Department of Pathology, Brigham and Women's Hospital and Harvard Medical School, Boston, MA, USA.
Department of Pathology, Yale School of Medicine, New Haven, CT, USA.
Mod Pathol. 2021 Sep;34(9):1696-1703. doi: 10.1038/s41379-021-00822-w. Epub 2021 May 16.
Calcifying nested stromal-epithelial tumor (CNSET) is a rare hepatic tumor that occurs in children and young adults. With <40 cases in the literature, the mechanism for tumorigenesis and the biological behavior of CNSET remain uncertain. Here, we studied the clinicopathologic and molecular genetic features of eight CNSETs. Six patients (75%) were female, and the median age at presentation was 22.5 years (range 14-34 years). The median tumor size was 14 cm (range 2.7-18 cm). All tumors had fibrous stroma that contained organoid nests of epithelioid to spindled tumor cells with moderate amounts of palely eosinophilic cytoplasm and ovoid, vesicular nuclei. Five tumors showed calcifications, and one showed lymphovascular invasion. Necrosis was absent in all. Immunohistochemistry demonstrated nuclear β-catenin expression in five of five tested tumors and focal to diffuse nuclear WT-1 positivity in five of seven. Hepatocellular markers (HepPar-1, arginase-1, and albumin in situ hybridization) and neuroendocrine markers (synaptophysin, chromogranin, and INSM1) were uniformly negative. Next-generation sequencing demonstrated CTNNB1 alterations in all seven sequenced tumors. Sanger sequencing demonstrated TERT promoter mutations in all six sequenced tumors. Clinical follow-up was available for seven patients (median duration 4.4 years; range 1.2-6.2 years): four (57%) developed metastatic disease; all four developed lung metastases; and two also had abdominal metastases. All four patients with metastatic disease also had persistent or recurrent liver tumors. Three patients with metastases were alive with disease at the most recent follow-up and one died of disease. The other three patients with available follow-up did not develop metastasis or recurrence. One tumor treated with neoadjuvant chemotherapy showed no response, and another showed 90% tumor fibrosis; the latter patient remained disease-free at 6.2 years of follow-up. Our series demonstrates the presence of TERT promoter mutations and CTNNB1 alterations in all sequenced tumors and suggests that CNSET might perhaps be more aggressive than previously reported.

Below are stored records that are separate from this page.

lemma mem_H_rational_iff:
  assumes "cos t > 0" and "tan t = of_int p / of_int q" and "q > 0"
  shows "z \<in> H t \<longleftrightarrow> 0 \<le> p * fst z + q * snd z"
proof -
  obtain x y where z: "z = (x, y)"
    by fastforce
  have "sin t = of_int p / of_int q * cos t"
    using assms(1,2) by (simp add: tan_def field_simps)
  then have "of_int q * (of_int x * sin t + of_int y * cos t) = cos t * of_int (p * x + q * y)"
    using \<open>q > 0\<close> by (simp add: field_simps)
  moreover have "z \<in> H t \<longleftrightarrow> 0 \<le> of_int q * (of_int x * sin t + of_int y * cos t)"
    using \<open>q > 0\<close> by (simp add: H_def z zero_le_mult_iff)
  moreover have "0 \<le> (of_int (p * x + q * y) :: real) \<longleftrightarrow> 0 \<le> p * x + q * y"
    by (rule of_int_0_le_iff)
  ultimately show ?thesis
    using \<open>cos t > 0\<close> by (simp add: z zero_le_mult_iff)
qed

lemma walks_H_rational:
  assumes "cos t > 0" and "tan t = of_int p / of_int q" and "q > 0"
  shows "walks (H t) S = meanders (\<lambda>s. p * fst s + q * snd s) S 0"
proof -
  have "height (\<lambda>s. p * fst s + q * snd s) 0 w k =
      p * fst (endpoint (take k w)) + q * snd (endpoint (take k w))" for w :: "step list" and k
    by (induction "take k w")
       (simp_all add: height_def endpoint_def sum_list_addf sum_list_const_mult)
  then show ?thesis
    using mem_H_rational_iff[OF assms] by (simp add: walks_def meanders_def)
qed

lemma rational_half_plane_grammar:
  assumes "finite S" and "0 < q" and "0 \<le> M" and bound: "\<forall>s \<in> S. \<bar>p * fst s + q * snd s\<bar> \<le> M"
  obtains N :: "nat set" and R A where "is_cfg N S R A" "card N = 3 * nat M + 3"
    "card R \<le> 3 * (card S + 1) * (nat M + 1)\<^sup>2"
    "cfg_lang R A = walks (H (arctan (of_int p / of_int q))) S"
proof -
  let ?h = "\<lambda>s :: step. p * fst s + q * snd s"
  have "cos (arctan (of_int p / of_int q)) > 0"
    by (intro cos_gt_zero_pi arctan_lbound arctan_ubound)
  then have "walks (H (arctan (of_int p / of_int q))) S = meanders ?h S 0"
    using walks_H_rational[OF _ tan_arctan \<open>0 < q\<close>] by blast
  then show thesis
    using that is_cfg_walk_grammar[OF assms(1) bound] card_walk_grammar[OF assms(1)]
      cfg_lang_walk_grammar[OF bound \<open>0 \<le> M\<close>]
    by simp
qed

lemma rational_approximation:
  fixes T \<delta> :: real
  assumes "0 \<le> T" and "0 < \<delta>"
  obtains p q :: int where "0 < q" "0 \<le> p" "of_int p + of_int q \<le> (T + 1) * (1 + 1 / \<delta>)"
    "\<bar>T - of_int p / of_int q\<bar> \<le> \<delta>"
proof
  define q where "q = \<lceil>1 / \<delta>\<rceil>"
  define p where "p = \<lfloor>T * of_int q\<rfloor>"
  have q_ge: "1 / \<delta> \<le> of_int q" and q_le: "of_int q \<le> 1 + 1 / \<delta>"
    unfolding q_def by linarith+
  moreover have "0 < 1 / \<delta>"
    using \<open>0 < \<delta>\<close> by simp
  ultimately show "0 < q"
    by linarith
  then show "0 \<le> p"
    unfolding p_def using \<open>0 \<le> T\<close> by simp
  have p: "of_int p \<le> T * of_int q" "T * of_int q < of_int p + 1"
    unfolding p_def by linarith+
  have "of_int p + of_int q \<le> (T + 1) * of_int q"
    using p by (simp add: algebra_simps)
  also have "\<dots> \<le> (T + 1) * (1 + 1 / \<delta>)"
    using q_le \<open>0 \<le> T\<close> by (intro mult_left_mono) auto
  finally show "of_int p + of_int q \<le> (T + 1) * (1 + 1 / \<delta>)" .
  have "T - of_int p / of_int q = (T * of_int q - of_int p) / of_int q"
    using \<open>0 < q\<close> by (simp add: field_simps)
  moreover have "0 \<le> (T * of_int q - of_int p) / of_int q"
    using p \<open>0 < q\<close> by simp
  moreover have "(T * of_int q - of_int p) / of_int q \<le> 1 / of_int q"
    using p \<open>0 < q\<close> by (intro divide_right_mono) auto
  moreover have "1 / of_int q \<le> \<delta>"
    using q_ge \<open>0 < \<delta>\<close> \<open>0 < q\<close> by (simp add: field_simps)
  ultimately show "\<bar>T - of_int p / of_int q\<bar> \<le> \<delta>"
    by simp
qed

lemma grammar_size_bounds:
  fixes K L M \<delta> :: real
  assumes "0 \<le> K" "0 \<le> L" "0 \<le> M" "0 < \<delta>" "M \<le> K * (1 + 1 / \<delta>)"
  shows "3 * M + 3 \<le> (3 * K + 3 + 2 * L * (K + 1)\<^sup>2) * (1 + 1 / \<delta>)"
    and "L * (M + 1)\<^sup>2 \<le> (3 * K + 3 + 2 * L * (K + 1)\<^sup>2) * (1 + 1 / \<delta>\<^sup>2)"
proof -
  let ?X = "1 + 1 / \<delta>"
  have "1 \<le> ?X"
    using \<open>0 < \<delta>\<close> by simp
  have "3 * M + 3 \<le> 3 * (K * ?X) + 3 * ?X"
    by (rule add_mono) (use assms(5) \<open>1 \<le> ?X\<close> in auto)
  also have "\<dots> = (3 * K + 3) * ?X"
    by (simp add: algebra_simps)
  also have "\<dots> \<le> (3 * K + 3 + 2 * L * (K + 1)\<^sup>2) * ?X"
    by (rule mult_right_mono) (use \<open>0 \<le> L\<close> \<open>1 \<le> ?X\<close> in auto)
  finally show "3 * M + 3 \<le> (3 * K + 3 + 2 * L * (K + 1)\<^sup>2) * ?X" .
  have "M + 1 \<le> K * ?X + ?X"
    using assms(5) \<open>1 \<le> ?X\<close> by (rule add_mono)
  then have "M + 1 \<le> (K + 1) * ?X"
    by (simp only: distrib_right mult_1_left)
  then have "(M + 1)\<^sup>2 \<le> (K + 1)\<^sup>2 * ?X\<^sup>2"
    unfolding power_mult_distrib[symmetric] using \<open>0 \<le> M\<close> by (intro power_mono) auto
  moreover have "(1 + y)\<^sup>2 \<le> 2 * (1 + y\<^sup>2)" for y :: real
  proof -
    have "0 \<le> (1 - y)\<^sup>2"
      by simp
    then show ?thesis
      by (simp add: power2_eq_square algebra_simps)
  qed
  ultimately have "(M + 1)\<^sup>2 \<le> (K + 1)\<^sup>2 * (2 * (1 + 1 / \<delta>\<^sup>2))"
    by (smt (verit) mult_left_mono power_one_over zero_le_power2)
  then have "L * (M + 1)\<^sup>2 \<le> 2 * L * (K + 1)\<^sup>2 * (1 + 1 / \<delta>\<^sup>2)"
    using \<open>0 \<le> L\<close> by (metis mult_left_mono mult.assoc mult.left_commute)
  also have "\<dots> \<le> (3 * K + 3 + 2 * L * (K + 1)\<^sup>2) * (1 + 1 / \<delta>\<^sup>2)"
    using \<open>0 \<le> K\<close> by (intro mult_right_mono) auto
  finally show "L * (M + 1)\<^sup>2 \<le> (3 * K + 3 + 2 * L * (K + 1)\<^sup>2) * (1 + 1 / \<delta>\<^sup>2)" .
qed

lemma abs_linear_form_le:
  fixes p q x y :: "'a :: linordered_idom"
  shows "\<bar>p * x + q * y\<bar> \<le> (\<bar>p\<bar> + \<bar>q\<bar>) * (\<bar>x\<bar> + \<bar>y\<bar>)"
proof -
  have "\<bar>p * x + q * y\<bar> \<le> \<bar>p\<bar> * \<bar>x\<bar> + \<bar>q\<bar> * \<bar>y\<bar>"
    by (metis abs_mult abs_triangle_ineq)
  also have "\<dots> \<le> (\<bar>p\<bar> + \<bar>q\<bar>) * (\<bar>x\<bar> + \<bar>y\<bar>)"
    by (simp add: algebra_simps)
  finally show ?thesis .
qed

钙化性巢状间质-上皮性肿瘤(CNSET)是一种罕见的肝脏肿瘤,发生于儿童和年轻成人。文献中报道的病例数<40 例,其发病机制和生物学行为尚不确定。在此,我们研究了 8 例 CNSET 的临床病理和分子遗传学特征。6 例患者(75%)为女性,发病时的中位年龄为 22.5 岁(范围 14-34 岁)。肿瘤的中位大小为 14cm(范围 2.7-18cm)。所有肿瘤均有纤维基质,其中包含上皮样至梭形肿瘤细胞的类器官巢,胞质呈中度嗜酸性,细胞核呈卵圆形或泡状。5 例肿瘤有钙化,1 例有血管淋巴管侵犯。所有肿瘤均未见坏死。免疫组化显示,5 例中有 5 例检测到核β-连环蛋白表达,7 例中有 5 例检测到 WT-1 核弥漫至灶状阳性。肝细胞标志物(HepPar-1、精氨酸酶-1 和白蛋白原位杂交)和神经内分泌标志物(突触素、嗜铬粒蛋白和 INSM1)均为阴性。下一代测序显示 7 例测序肿瘤均存在 CTNNB1 改变。Sanger 测序显示 6 例测序肿瘤均存在 TERT 启动子突变。7 例患者可获得临床随访(中位随访时间 4.4 年;范围 1.2-6.2 年):4 例(57%)发生转移性疾病;所有 4 例均发生肺转移,其中 2 例还有腹部转移。所有 4 例发生转移的患者其肝内肿瘤仍持续存在或复发。3 例有转移的患者在最近的随访中仍患有疾病,1 例死于疾病。另外 3 例可获得随访的患者未发生转移或复发。1 例接受新辅助化疗的肿瘤未见反应,另 1 例肿瘤纤维化达 90%;后者患者在 6.2 年的随访中仍无疾病。我们的研究表明,所有测序肿瘤均存在 TERT 启动子突变和 CTNNB1 改变,提示 CNSET 可能比之前报道的更具侵袭性。